ACTION ITEM ::
Examine the entries and show every line in which the word "bool" is found.

(Collected data entries)
[Start of section]

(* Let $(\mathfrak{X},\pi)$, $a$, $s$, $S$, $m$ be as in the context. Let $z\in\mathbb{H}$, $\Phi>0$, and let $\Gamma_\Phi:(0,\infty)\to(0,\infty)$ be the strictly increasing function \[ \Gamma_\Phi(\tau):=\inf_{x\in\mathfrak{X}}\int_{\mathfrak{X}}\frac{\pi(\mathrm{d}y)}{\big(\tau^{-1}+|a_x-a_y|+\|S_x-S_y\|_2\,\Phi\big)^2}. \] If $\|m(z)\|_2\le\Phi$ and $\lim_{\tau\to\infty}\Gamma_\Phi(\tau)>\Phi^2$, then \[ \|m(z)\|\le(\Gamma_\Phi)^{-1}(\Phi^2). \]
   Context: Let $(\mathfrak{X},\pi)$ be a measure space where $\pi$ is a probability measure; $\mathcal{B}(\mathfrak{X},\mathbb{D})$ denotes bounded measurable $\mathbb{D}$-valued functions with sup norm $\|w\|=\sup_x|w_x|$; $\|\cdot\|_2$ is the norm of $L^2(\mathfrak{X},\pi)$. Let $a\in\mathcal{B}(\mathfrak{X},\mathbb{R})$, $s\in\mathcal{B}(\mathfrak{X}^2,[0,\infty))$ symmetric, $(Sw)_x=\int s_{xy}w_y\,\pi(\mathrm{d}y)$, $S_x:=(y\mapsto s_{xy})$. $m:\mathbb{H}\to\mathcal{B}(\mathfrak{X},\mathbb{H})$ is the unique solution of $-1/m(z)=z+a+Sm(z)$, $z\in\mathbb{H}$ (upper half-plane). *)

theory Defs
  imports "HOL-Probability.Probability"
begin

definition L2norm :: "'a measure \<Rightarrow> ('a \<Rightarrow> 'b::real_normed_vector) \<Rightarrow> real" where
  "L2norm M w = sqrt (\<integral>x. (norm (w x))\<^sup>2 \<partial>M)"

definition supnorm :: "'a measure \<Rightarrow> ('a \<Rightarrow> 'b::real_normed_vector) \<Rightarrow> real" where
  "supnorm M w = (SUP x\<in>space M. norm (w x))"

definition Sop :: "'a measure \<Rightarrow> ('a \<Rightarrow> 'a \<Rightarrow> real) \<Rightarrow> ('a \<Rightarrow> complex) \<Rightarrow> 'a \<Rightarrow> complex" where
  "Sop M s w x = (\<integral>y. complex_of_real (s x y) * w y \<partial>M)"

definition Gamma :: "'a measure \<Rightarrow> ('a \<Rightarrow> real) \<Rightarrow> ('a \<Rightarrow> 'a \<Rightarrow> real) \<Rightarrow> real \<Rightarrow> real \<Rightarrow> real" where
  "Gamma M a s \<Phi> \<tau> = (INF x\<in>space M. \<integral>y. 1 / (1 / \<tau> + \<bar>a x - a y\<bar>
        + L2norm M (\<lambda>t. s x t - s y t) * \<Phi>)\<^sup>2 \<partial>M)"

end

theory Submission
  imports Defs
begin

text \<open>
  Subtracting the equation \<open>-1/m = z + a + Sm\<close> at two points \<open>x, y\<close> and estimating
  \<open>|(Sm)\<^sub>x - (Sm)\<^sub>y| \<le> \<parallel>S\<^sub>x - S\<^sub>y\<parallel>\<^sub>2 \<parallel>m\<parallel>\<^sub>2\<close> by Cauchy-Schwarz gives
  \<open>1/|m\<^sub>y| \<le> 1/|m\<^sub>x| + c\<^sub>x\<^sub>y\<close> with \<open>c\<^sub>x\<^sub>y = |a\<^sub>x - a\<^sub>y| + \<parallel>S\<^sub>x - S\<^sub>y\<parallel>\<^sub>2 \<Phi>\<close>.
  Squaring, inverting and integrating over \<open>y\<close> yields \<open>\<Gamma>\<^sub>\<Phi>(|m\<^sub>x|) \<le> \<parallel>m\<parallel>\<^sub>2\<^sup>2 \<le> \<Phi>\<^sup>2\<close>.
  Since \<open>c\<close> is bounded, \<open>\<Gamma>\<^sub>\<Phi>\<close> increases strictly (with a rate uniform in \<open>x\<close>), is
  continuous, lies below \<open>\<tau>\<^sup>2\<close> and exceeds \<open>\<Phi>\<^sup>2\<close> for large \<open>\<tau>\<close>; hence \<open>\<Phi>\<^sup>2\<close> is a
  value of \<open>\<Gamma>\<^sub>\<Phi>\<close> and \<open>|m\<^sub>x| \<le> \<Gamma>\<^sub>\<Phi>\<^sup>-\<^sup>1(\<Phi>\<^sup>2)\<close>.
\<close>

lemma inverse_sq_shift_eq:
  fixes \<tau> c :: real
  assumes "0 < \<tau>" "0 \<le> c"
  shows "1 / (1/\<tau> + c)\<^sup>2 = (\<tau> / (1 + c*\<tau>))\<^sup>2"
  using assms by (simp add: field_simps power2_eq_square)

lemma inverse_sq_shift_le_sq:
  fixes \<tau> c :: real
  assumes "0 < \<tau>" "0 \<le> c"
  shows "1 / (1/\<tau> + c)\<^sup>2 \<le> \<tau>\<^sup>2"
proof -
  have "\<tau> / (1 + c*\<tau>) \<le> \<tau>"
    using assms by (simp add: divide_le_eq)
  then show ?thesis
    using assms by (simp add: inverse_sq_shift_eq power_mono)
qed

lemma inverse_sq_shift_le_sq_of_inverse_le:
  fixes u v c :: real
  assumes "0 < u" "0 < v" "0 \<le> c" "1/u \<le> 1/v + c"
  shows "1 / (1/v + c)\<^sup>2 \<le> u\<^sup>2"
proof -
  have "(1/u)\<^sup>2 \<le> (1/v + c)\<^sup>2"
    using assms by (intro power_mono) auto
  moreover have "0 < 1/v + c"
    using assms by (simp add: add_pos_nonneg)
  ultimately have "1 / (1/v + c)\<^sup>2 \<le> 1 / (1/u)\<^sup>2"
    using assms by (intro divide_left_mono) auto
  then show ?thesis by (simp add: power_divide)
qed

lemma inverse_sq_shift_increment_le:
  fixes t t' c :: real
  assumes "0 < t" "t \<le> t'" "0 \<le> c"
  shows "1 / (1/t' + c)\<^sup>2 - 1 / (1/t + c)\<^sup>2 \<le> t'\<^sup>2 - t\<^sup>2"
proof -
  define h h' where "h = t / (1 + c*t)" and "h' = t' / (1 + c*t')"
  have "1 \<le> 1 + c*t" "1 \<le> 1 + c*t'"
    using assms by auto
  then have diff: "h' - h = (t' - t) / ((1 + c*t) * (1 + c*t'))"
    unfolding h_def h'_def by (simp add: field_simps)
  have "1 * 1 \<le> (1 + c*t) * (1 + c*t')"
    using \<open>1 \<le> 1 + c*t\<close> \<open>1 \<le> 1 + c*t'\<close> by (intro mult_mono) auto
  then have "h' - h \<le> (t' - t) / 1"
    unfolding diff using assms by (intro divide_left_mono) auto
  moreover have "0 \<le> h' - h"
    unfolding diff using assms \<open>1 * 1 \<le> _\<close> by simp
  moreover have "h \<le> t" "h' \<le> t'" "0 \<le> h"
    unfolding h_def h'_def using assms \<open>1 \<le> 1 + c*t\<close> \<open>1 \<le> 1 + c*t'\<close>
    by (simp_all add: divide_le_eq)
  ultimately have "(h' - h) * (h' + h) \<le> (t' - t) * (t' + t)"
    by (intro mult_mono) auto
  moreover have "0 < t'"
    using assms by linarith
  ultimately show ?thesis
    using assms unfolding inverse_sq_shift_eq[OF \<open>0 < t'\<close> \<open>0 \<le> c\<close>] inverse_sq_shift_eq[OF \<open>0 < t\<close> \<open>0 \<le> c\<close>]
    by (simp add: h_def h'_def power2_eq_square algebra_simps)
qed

[End of section]
[Start of section]

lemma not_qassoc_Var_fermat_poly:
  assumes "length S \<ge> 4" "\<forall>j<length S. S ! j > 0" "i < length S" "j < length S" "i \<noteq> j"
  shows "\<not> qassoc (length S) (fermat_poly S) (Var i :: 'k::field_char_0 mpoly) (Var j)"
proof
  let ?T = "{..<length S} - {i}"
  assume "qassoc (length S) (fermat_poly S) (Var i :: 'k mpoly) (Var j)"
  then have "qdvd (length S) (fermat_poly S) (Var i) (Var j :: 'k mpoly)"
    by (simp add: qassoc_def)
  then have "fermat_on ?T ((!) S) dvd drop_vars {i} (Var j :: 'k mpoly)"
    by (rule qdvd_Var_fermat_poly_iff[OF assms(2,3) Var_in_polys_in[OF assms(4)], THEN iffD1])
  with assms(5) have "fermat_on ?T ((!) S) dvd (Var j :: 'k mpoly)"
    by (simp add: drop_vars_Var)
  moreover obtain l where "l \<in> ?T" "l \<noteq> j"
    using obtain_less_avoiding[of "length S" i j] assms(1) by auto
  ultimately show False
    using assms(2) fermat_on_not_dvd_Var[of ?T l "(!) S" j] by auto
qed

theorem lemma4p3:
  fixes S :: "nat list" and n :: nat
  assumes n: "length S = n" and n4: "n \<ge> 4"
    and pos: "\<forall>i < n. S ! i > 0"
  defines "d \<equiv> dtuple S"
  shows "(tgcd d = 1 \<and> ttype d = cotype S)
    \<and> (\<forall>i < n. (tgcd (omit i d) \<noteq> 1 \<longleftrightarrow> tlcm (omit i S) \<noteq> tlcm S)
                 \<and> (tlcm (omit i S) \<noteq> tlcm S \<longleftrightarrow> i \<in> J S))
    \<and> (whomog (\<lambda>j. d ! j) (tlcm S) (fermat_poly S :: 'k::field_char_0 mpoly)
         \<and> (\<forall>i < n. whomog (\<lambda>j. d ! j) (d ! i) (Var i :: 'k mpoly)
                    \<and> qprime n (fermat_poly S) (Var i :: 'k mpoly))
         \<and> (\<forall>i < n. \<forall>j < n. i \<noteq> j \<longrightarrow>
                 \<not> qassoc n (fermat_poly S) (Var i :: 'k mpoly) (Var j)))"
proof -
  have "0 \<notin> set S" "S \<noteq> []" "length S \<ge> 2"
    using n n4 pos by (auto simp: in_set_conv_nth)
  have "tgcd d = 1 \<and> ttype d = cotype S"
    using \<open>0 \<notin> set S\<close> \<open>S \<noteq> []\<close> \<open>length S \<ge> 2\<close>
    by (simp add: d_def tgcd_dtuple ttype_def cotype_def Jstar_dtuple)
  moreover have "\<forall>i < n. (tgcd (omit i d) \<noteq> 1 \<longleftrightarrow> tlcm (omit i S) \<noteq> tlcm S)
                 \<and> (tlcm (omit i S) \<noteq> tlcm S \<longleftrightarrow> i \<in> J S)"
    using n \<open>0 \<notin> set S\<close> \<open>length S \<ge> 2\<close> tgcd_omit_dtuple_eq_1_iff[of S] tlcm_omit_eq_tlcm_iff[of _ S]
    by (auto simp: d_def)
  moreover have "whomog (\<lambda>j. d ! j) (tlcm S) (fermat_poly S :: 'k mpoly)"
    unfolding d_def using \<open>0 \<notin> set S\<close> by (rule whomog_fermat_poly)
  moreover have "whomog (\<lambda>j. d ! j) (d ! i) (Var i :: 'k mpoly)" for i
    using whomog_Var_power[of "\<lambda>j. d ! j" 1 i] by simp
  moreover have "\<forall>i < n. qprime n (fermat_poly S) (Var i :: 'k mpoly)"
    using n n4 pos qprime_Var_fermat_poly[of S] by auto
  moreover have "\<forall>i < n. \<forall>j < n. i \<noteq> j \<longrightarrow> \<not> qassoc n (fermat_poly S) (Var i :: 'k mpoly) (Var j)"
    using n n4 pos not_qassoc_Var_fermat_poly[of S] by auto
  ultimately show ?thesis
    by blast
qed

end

[End of section]
[Start of section]

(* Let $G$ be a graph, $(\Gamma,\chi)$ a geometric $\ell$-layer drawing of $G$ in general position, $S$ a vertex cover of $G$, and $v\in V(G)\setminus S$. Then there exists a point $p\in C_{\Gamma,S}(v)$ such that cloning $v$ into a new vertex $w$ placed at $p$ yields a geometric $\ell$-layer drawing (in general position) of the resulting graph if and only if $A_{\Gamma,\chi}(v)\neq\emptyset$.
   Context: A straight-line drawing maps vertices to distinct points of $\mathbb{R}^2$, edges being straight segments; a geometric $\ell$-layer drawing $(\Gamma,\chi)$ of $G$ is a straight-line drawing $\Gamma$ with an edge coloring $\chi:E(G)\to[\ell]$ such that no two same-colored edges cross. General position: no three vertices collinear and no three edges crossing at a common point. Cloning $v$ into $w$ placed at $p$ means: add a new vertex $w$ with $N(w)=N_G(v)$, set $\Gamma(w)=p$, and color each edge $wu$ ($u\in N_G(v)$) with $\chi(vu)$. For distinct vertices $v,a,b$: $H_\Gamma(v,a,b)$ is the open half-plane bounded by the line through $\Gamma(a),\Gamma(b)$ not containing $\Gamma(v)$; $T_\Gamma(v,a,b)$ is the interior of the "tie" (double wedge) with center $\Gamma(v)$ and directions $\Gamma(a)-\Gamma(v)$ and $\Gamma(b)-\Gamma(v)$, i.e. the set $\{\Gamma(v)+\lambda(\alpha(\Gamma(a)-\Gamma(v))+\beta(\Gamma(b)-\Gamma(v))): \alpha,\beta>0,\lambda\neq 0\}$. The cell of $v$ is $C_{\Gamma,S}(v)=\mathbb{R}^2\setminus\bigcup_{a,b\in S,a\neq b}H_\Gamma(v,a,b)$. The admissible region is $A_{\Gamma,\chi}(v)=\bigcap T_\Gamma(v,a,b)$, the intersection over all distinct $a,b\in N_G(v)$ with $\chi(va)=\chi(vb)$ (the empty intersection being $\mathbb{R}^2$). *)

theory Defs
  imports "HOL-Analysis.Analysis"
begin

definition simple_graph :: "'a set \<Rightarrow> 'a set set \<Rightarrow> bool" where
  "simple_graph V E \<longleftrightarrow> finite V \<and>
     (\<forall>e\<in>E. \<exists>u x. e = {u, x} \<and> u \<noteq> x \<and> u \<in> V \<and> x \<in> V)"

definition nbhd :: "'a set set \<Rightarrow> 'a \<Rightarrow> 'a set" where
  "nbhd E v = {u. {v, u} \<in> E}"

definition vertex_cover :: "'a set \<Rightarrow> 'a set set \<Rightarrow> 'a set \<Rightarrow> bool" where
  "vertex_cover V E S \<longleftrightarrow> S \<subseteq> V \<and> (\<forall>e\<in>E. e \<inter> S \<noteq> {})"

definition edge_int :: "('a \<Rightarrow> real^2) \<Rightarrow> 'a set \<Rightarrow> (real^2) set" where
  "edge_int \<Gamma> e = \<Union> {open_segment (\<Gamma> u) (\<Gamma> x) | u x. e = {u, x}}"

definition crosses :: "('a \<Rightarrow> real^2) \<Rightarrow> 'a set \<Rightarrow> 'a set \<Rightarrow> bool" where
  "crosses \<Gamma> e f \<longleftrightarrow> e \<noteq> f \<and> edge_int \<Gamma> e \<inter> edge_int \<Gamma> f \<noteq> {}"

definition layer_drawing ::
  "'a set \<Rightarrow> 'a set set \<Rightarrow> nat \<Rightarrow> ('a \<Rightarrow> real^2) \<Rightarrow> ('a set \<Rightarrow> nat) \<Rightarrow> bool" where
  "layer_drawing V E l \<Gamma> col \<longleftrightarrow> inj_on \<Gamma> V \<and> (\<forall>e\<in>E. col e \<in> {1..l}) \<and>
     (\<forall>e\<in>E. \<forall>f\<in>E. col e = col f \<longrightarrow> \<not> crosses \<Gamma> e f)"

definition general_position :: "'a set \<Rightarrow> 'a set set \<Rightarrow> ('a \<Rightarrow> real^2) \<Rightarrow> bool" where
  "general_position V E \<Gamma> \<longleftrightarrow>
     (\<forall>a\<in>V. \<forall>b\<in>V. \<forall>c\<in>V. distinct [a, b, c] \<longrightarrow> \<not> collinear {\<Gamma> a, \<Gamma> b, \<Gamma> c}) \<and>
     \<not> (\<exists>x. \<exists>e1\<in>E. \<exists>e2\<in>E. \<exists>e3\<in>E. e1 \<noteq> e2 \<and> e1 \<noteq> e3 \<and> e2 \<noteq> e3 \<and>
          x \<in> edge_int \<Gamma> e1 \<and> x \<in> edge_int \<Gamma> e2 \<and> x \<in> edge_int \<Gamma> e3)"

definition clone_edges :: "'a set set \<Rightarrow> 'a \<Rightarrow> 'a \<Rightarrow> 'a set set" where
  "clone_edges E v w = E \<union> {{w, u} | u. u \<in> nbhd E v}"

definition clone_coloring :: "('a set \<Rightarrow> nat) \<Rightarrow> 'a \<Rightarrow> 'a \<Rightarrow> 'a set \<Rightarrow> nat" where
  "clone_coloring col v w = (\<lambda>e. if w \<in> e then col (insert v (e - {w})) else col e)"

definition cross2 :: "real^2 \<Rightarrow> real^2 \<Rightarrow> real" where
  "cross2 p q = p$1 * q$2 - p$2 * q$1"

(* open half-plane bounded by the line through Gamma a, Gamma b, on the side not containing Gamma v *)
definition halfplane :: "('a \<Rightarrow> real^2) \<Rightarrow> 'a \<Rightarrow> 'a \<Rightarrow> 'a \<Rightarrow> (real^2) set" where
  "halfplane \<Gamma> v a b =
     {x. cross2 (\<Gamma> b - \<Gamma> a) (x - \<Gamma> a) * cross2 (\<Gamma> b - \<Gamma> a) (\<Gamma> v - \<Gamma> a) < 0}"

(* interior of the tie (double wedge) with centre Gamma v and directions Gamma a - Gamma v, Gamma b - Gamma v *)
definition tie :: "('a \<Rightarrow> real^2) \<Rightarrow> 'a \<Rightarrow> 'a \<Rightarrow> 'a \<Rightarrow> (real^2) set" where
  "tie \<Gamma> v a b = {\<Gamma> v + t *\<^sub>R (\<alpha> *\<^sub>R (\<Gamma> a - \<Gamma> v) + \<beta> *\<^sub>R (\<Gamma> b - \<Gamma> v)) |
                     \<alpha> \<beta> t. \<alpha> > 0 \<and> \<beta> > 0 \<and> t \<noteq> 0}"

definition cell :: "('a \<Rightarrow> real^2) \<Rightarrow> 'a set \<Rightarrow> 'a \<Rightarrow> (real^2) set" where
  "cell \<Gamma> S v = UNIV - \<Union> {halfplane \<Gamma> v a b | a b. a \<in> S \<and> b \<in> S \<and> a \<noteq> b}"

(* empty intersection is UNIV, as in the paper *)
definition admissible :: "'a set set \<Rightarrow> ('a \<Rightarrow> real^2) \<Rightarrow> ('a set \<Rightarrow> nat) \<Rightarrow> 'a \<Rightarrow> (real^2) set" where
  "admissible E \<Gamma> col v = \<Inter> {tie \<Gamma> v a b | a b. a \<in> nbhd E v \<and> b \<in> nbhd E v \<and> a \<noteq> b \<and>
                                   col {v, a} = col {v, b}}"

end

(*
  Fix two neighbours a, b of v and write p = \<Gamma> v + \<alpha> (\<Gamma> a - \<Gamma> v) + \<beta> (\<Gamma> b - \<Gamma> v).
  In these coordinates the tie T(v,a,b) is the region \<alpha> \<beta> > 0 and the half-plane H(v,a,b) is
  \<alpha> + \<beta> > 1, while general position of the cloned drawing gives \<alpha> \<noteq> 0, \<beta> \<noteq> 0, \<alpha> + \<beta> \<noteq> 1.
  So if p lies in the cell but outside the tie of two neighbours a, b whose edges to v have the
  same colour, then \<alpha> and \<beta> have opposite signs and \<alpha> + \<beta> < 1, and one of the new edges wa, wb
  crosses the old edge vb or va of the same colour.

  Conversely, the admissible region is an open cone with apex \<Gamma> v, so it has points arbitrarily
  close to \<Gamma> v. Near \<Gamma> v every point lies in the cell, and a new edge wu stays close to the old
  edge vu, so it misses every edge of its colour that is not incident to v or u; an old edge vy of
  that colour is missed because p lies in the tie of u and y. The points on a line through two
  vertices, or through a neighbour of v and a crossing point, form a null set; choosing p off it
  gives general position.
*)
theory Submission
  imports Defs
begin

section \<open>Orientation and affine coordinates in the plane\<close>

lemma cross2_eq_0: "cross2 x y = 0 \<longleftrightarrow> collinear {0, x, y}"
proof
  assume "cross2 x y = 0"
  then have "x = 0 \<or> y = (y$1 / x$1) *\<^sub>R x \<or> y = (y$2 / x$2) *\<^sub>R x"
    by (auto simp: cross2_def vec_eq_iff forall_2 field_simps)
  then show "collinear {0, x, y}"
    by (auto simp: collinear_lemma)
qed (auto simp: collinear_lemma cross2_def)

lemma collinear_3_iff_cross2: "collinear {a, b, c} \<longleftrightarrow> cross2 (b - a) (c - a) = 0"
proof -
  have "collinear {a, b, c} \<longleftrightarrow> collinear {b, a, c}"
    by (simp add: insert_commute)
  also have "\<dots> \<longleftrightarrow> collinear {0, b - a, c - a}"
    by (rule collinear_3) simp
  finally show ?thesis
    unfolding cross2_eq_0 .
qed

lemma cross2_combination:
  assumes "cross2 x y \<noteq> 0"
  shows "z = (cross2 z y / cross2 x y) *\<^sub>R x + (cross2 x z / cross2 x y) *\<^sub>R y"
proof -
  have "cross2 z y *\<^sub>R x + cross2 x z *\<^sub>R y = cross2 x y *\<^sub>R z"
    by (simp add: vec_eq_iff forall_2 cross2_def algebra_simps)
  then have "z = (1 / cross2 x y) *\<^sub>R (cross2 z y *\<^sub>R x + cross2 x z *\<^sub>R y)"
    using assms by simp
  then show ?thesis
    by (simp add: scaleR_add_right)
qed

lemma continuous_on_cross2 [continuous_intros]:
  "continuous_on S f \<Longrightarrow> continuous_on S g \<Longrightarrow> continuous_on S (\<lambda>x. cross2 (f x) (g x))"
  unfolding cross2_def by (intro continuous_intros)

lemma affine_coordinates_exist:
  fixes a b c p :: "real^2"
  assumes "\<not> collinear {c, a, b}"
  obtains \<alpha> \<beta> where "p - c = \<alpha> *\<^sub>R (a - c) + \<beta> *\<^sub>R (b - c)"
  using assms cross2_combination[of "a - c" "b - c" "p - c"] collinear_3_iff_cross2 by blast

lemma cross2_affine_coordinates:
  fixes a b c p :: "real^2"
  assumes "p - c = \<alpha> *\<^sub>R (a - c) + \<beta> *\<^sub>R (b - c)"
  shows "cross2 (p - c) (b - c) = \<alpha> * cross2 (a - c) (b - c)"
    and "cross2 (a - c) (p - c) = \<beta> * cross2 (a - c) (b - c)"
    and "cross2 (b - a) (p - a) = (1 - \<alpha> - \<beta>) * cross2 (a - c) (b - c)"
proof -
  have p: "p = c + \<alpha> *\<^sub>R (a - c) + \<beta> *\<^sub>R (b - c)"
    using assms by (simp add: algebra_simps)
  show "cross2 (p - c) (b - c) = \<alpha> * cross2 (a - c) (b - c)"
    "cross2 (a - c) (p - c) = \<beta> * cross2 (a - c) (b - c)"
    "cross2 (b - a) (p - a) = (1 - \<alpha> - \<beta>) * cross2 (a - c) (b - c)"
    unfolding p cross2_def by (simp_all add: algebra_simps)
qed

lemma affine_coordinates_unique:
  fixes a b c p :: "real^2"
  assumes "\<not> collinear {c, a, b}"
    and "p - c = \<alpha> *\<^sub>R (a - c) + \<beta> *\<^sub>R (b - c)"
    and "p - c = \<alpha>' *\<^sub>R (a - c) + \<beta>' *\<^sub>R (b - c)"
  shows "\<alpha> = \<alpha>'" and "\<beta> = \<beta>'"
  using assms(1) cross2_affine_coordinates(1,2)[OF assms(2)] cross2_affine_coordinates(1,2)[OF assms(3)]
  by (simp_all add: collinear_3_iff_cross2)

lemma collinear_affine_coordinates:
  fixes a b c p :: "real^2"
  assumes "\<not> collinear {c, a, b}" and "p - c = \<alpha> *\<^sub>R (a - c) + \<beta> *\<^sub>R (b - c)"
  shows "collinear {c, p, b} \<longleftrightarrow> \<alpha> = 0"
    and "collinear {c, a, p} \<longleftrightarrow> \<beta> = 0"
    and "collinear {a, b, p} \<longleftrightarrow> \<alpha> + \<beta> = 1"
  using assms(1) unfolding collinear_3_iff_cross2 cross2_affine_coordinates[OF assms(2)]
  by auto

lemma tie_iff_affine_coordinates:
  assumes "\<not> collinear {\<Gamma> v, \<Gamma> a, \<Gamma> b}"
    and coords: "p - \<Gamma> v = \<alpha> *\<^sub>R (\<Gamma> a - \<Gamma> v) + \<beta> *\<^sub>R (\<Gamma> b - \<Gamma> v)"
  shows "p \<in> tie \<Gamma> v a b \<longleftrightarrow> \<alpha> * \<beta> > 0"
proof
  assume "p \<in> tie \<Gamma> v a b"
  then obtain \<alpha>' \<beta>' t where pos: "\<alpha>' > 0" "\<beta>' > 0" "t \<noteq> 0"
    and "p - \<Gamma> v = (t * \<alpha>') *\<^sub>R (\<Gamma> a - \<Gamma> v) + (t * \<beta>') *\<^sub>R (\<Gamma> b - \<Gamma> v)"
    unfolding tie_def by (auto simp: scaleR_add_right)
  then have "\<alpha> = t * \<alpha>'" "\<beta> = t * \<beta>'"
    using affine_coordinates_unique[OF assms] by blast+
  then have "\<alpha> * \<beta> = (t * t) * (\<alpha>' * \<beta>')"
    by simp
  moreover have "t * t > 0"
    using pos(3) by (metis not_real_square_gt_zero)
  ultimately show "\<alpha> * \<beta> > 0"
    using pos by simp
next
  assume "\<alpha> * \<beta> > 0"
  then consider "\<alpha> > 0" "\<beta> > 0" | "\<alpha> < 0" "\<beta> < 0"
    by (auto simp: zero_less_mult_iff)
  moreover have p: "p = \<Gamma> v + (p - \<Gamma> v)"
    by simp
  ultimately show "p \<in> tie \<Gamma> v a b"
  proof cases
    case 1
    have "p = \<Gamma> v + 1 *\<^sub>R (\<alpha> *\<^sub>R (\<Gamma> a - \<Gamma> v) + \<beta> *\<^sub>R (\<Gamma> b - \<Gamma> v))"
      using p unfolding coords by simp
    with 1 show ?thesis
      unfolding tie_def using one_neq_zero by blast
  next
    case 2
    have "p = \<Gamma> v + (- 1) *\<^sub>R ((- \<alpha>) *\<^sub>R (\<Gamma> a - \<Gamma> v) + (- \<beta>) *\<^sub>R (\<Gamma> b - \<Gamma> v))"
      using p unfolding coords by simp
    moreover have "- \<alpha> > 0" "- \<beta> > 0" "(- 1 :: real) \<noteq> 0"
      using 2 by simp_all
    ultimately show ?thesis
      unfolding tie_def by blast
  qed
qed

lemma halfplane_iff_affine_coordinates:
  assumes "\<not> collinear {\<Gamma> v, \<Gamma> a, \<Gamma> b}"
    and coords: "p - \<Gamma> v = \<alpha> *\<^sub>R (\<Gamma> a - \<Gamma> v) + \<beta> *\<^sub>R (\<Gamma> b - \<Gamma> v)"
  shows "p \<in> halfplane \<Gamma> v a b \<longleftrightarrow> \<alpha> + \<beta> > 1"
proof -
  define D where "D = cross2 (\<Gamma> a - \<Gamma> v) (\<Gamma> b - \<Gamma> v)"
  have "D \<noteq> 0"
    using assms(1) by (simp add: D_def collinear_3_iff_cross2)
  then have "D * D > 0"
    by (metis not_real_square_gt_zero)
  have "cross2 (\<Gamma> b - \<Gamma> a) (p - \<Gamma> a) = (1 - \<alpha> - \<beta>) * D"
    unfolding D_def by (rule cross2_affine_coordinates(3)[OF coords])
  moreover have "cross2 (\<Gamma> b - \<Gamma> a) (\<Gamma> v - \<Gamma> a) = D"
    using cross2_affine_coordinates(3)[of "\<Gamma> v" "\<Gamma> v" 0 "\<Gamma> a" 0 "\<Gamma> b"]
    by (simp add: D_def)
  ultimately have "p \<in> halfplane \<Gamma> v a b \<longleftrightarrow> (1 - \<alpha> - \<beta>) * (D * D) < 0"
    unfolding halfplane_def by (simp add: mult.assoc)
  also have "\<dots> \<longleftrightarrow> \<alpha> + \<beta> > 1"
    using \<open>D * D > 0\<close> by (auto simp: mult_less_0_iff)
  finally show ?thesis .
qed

[End of section]

WRITTEN RESPONSE ::
definition simple_graph :: "'a set \<Rightarrow> 'a set set \<Rightarrow> bool" where
definition vertex_cover :: "'a set \<Rightarrow> 'a set set \<Rightarrow> 'a set \<Rightarrow> bool" where
definition crosses :: "('a \<Rightarrow> real^2) \<Rightarrow> 'a set \<Rightarrow> 'a set \<Rightarrow> bool" where
  "'a set \<Rightarrow> 'a set set \<Rightarrow> nat \<Rightarrow> ('a \<Rightarrow> real^2) \<Rightarrow> ('a set \<Rightarrow> nat) \<Rightarrow> bool" where
definition general_position :: "'a set \<Rightarrow> 'a set set \<Rightarrow> ('a \<Rightarrow> real^2) \<Rightarrow> bool" where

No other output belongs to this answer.